Find the best example you can, within your budget constraints. Keep in mind that a cheap high-mileage car may require expensive brake, steering, and suspension work, as well as possible bodywork. Anything you buy as part of the car is half as expensive as something you need to add later.
Get the shop (repair) manual for that car. You will be doing extensive work on all parts of the car and you need to know how to take it apart and put it back together. The book might cost $100 if you need to get a dealer-only volume, but that is a small cost compared to the rest of the conversion, let alone the money it will save you if it prevents one mistake.
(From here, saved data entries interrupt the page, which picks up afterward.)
lemma rescaled_summand:
  fixes z s :: "'a::field_char_0"
  assumes "z \<noteq> 0" "of_rat D = z ^ (2 * m + 1)" "j \<le> m"
  shows "of_rat (c * D powi (int j - int m)) * (z ^ m * s) ^ (2 * m - 2 * j)
    = of_rat c * s ^ (2 * m - 2 * j) * z ^ j / z ^ m"
proof -
  obtain t where m: "m = j + t"
    using assms(3) le_Suc_ex by blast
  have "D powi (int j - int m) = inverse D ^ t"
    unfolding power_int_def m by (simp add: nat_add_distrib)
  then have D: "of_rat (D powi (int j - int m)) = inverse (z ^ (2 * m + 1)) ^ t"
    by (simp add: of_rat_inverse of_rat_power assms(2))
  have zs: "(z ^ m * s) ^ (2 * t) = z ^ (2 * m * t) * s ^ (2 * t)"
    by (simp add: power_mult_distrib power_mult[symmetric] ac_simps)
  have zD: "(z ^ (2 * m + 1)) ^ t = z ^ (2 * m * t) * z ^ t"
    by (simp add: power_mult_distrib flip: power_mult)
  have e: "2 * m - 2 * j = 2 * t" and zm: "z ^ m = z ^ j * z ^ t"
    by (simp_all add: m power_add)
  show ?thesis
    unfolding of_rat_mult D e zs unfolding zD zm power_inverse
    using assms(1) by (simp add: field_simps)
qed

lemma F_coef_sum_rescaled:
  fixes a b :: "'a::field_char_0"
  assumes "a * b \<noteq> 0" "of_rat D = (a * b) ^ (2 * m + 1)" "0 < m"
  shows "(\<Sum>j = 0..m. of_rat (F_coef (2 * m) j * D powi (int j - int m))
      * ((a * b) ^ m * (a + b)) ^ (2 * m - 2 * j)) = (a ^ (2 * m) + b ^ (2 * m)) / (a * b) ^ m"
proof -
  have "(\<Sum>j = 0..m. of_rat (F_coef (2 * m) j * D powi (int j - int m))
      * ((a * b) ^ m * (a + b)) ^ (2 * m - 2 * j))
      = (\<Sum>j = 0..2 * m div 2. of_rat (F_coef (2 * m) j) * (a + b) ^ (2 * m - 2 * j) * (a * b) ^ j)
        / (a * b) ^ m"
    using assms(1,2) by (simp add: rescaled_summand sum_divide_distrib)
  then show ?thesis
    using power_sum_eq_F_coef_sum[of "2 * m" a b] assms(3) by simp
qed

lemma power_mult_div_odd_power:
  fixes z w :: "'a::field"
  assumes "z \<noteq> 0"
  shows "z ^ m * w / z ^ (2 * m + 1) = w / z ^ (m + 1)"
proof -
  have "z ^ (2 * m + 1) = z ^ m * z ^ (m + 1)"
    by (metis add.assoc mult_2 power_add)
  then show ?thesis
    using assms by simp
qed

lemma prod_conj_roots_power:
  fixes y y' sR :: complex
  assumes "sR\<^sup>2 = of_rat R" "y ^ n = of_rat d + sR" "y' ^ n = of_rat d - sR"
  shows "(y * y') ^ n = of_rat (d\<^sup>2 - R)"
  unfolding power_mult_distrib assms(2,3) using assms(1)
  by (simp add: of_rat_diff of_rat_mult algebra_simps power2_eq_square)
Remove old ICE components (ex. Engine, Gas tank, Exhaust, muffler, Fuel lines and filter.) See also the Weight Reduction 
It's often easier (and sometimes mandatory) to remove the engine and transmission as a unit. Consult your manual as to the recommended procedure. Having the transmission out of the car makes it easier to do motor-adapter-transmission assembly and testing too.
Many regulatory agencies require that ALL fuel lines, breathers, filters, etc. be removed prior to allowing the car to be licensed as an electric vehicle. Make sure you don't leave anything behind.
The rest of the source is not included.